After two surgeries, one on the back and another on the feet, his prognosis was not good. Doctors told him he could be in a wheelchair all the time. Ideally, it would be able to cover short distances indoors.

Back at his home in Moab, Mr. Mitchard set out to build a machine to help him get around town. He found a hand bike on eBay and found a way to tie up his wheelchair, which a friend had given him. He added a milk crate for the couple’s dog, Cajun, and an orange flag that whipped like a windsock as it climbed, initially with a plaster cast on each foot. “My immediate goal was to relieve Steph from needing to take care of myself,” he said. “Our relationship has always been the one where we thrive in being athletic.”

In solidarity with him, she takes the plane less. “It wasn’t that inspiring and I didn’t want him to be sad,” she said.
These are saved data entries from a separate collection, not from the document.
lemma discrepancy_at_cut_points:
  assumes p: "strict_mono p" and rho: "\<And>i. rho 0 (block w p i) = r"
  shows "discrepancy r (factor w 0 (p i)) = discrepancy r (factor w 0 (p 0))"
proof (induction i)
  case (Suc i)
  have "p i < p (Suc i)"
    using p by (simp add: strict_mono_def)
  then have "discrepancy r (block w p i) = 0"
    using rho[of i] by (simp add: discrepancy_eq_0_iff_rho block_def factor_def)
  with Suc \<open>p i < p (Suc i)\<close> show ?case
    using discrepancy_prefix_split[of "p i" "p (Suc i)" r w] by (simp add: block_def)
qed simp

lemma bounded_discrepancy_if_bounded_weak_abelian_periodic:
  assumes "bounded_weak_abelian_periodic w"
  shows "\<exists>r B. \<forall>n. \<bar>discrepancy r (factor w 0 n)\<bar> \<le> B"
proof -
  obtain p C where p: "strict_mono p" "\<And>i j a. rho a (block w p i) = rho a (block w p j)"
    and short: "\<And>i. length (block w p i) \<le> C"
    using assms unfolding bounded_weak_abelian_periodic_def by blast
  define r where "r = rho 0 (block w p 0)"
  define D where "D n = discrepancy r (factor w 0 n)" for n
  have "rho 0 (block w p i) = r" for i
    unfolding r_def by (rule p(2))
  then have cuts: "D (p i) = D (p 0)" for i
    unfolding D_def by (rule discrepancy_at_cut_points[OF p(1)])
  have "\<bar>D n\<bar> \<le> \<bar>D (p 0)\<bar> + (1 + \<bar>r\<bar>) * (real C + real (p 0))" for n
  proof (cases "n < p 0")
    case True
    have "\<bar>D n\<bar> \<le> (1 + \<bar>r\<bar>) * real n"
      using abs_discrepancy_le[of r "factor w 0 n"] by (simp add: D_def)
    also have "\<dots> \<le> (1 + \<bar>r\<bar>) * (real C + real (p 0))"
      using True by (intro mult_left_mono) auto
    finally show ?thesis by simp
  next
    case False
    then obtain i where i: "p i \<le> n" "n < p (Suc i)"
      using strict_mono_interval[OF p(1), of n] by auto
    have "n - p i \<le> C"
      using short[of i] i by (simp add: block_def)
    have "\<bar>discrepancy r (factor w (p i) n)\<bar> \<le> (1 + \<bar>r\<bar>) * real (n - p i)"
      using abs_discrepancy_le[of r "factor w (p i) n"] by simp
    also have "\<dots> \<le> (1 + \<bar>r\<bar>) * (real C + real (p 0))"
      using \<open>n - p i \<le> C\<close> by (intro mult_left_mono) auto
    finally show ?thesis
      using discrepancy_prefix_split[OF i(1), of r w] cuts[of i] unfolding D_def by linarith
  qed
  then show ?thesis
    unfolding D_def by blast
qed

section \<open>Fixed points of primitive uniform morphisms\<close>

locale binary_uniform_morphism =
  fixes phi :: "nat \<Rightarrow> nat list" and k :: nat
  assumes binary: "binary_morphism phi" and uniform: "uniform_morphism k phi"
begin

lemma binary_word_image: "x \<in> {0, 1} \<Longrightarrow> binary_word (phi x)"
  using binary by (auto simp: binary_morphism_def)

lemma length_image: "x \<in> {0, 1} \<Longrightarrow> length (phi x) = k"
  using uniform by (auto simp: uniform_morphism_def)

lemma binary_word_morph: "binary_word u \<Longrightarrow> binary_word (morph phi u)"
  by (induction u) (auto simp: binary_word_image)

lemma length_morph: "binary_word u \<Longrightarrow> length (morph phi u) = k * length u"
  by (induction u) (auto simp: length_image)

lemma length_iterate: "binary_word u \<Longrightarrow> length ((morph phi ^^ m) u) = k ^ m * length u"
proof (induction m)
  case (Suc m)
  moreover have "binary_word ((morph phi ^^ m) u)"
    using Suc.prems by (induction m) (auto simp: binary_word_morph)
  ultimately show ?case
    by (simp add: length_morph)
qed simp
Instead, they attempted outings with her pushing her wheelchair, which easily got stuck in the sand or gravel. It was the opposite of flying together.

He found new ways to exercise, like kayaking, which he called “getting spastic in plastic.” He and Ms Davis built a home gym in their backyard, including weights they cast in concrete. (Lots of things in their home are homemade, found, recycled, or reused, and its rehabilitation was also primarily a DIY project.) They planted a garden and Ms Davis, posting on Instagram, complimented Mr Mitchard’s roses as as well as its resilience. “You never let pain or uncertainty or doubt or anything at all get you down.”

Since the accident, Mr. Mitchard has been in constant pain. “Every day I struggle to get out of the pain,” he said. “It’s a very heavy coat to wear. He takes over. He added: “I have to be very careful how I let him affect my interactions with Steph.”

After six months in a wheelchair, he began to walk, first with crutches and exoskeleton orthotics, then finally without. He started hiking, slacklining and even rock climbing, with Ms. Davis cheering him on. She summed up the way they treated her injuries this way: “Never give up. Humans are amazing creatures.

Then, on December 22, 2019, he posted a video on Instagram of his first BASE jump since the crash. He seemed almost casual as he descended a sandstone cliff, fell a bit, then deployed his parachute. “I listened to medical advice on how to heal bones and flesh, but I never listened to predictions of what I would be able to do,” he captioned. “The mind rules the body and I have been visualizing since January.”

He recently returned to work as an instructor at Moab Skydive, his pre-crash job, and he and Ms. Davis are flying wingsuit and BASE jumping together again. Both tend to laugh on landing, as if they’ve just heard a good joke.

“BASE jumping is like an expression of freedom,” Mitchard said. “People think of it as an adrenaline-seeking sport, but a lot of it is about finding a community that rejects the way the world tells you how you are meant to be and what you can and cannot. to do.”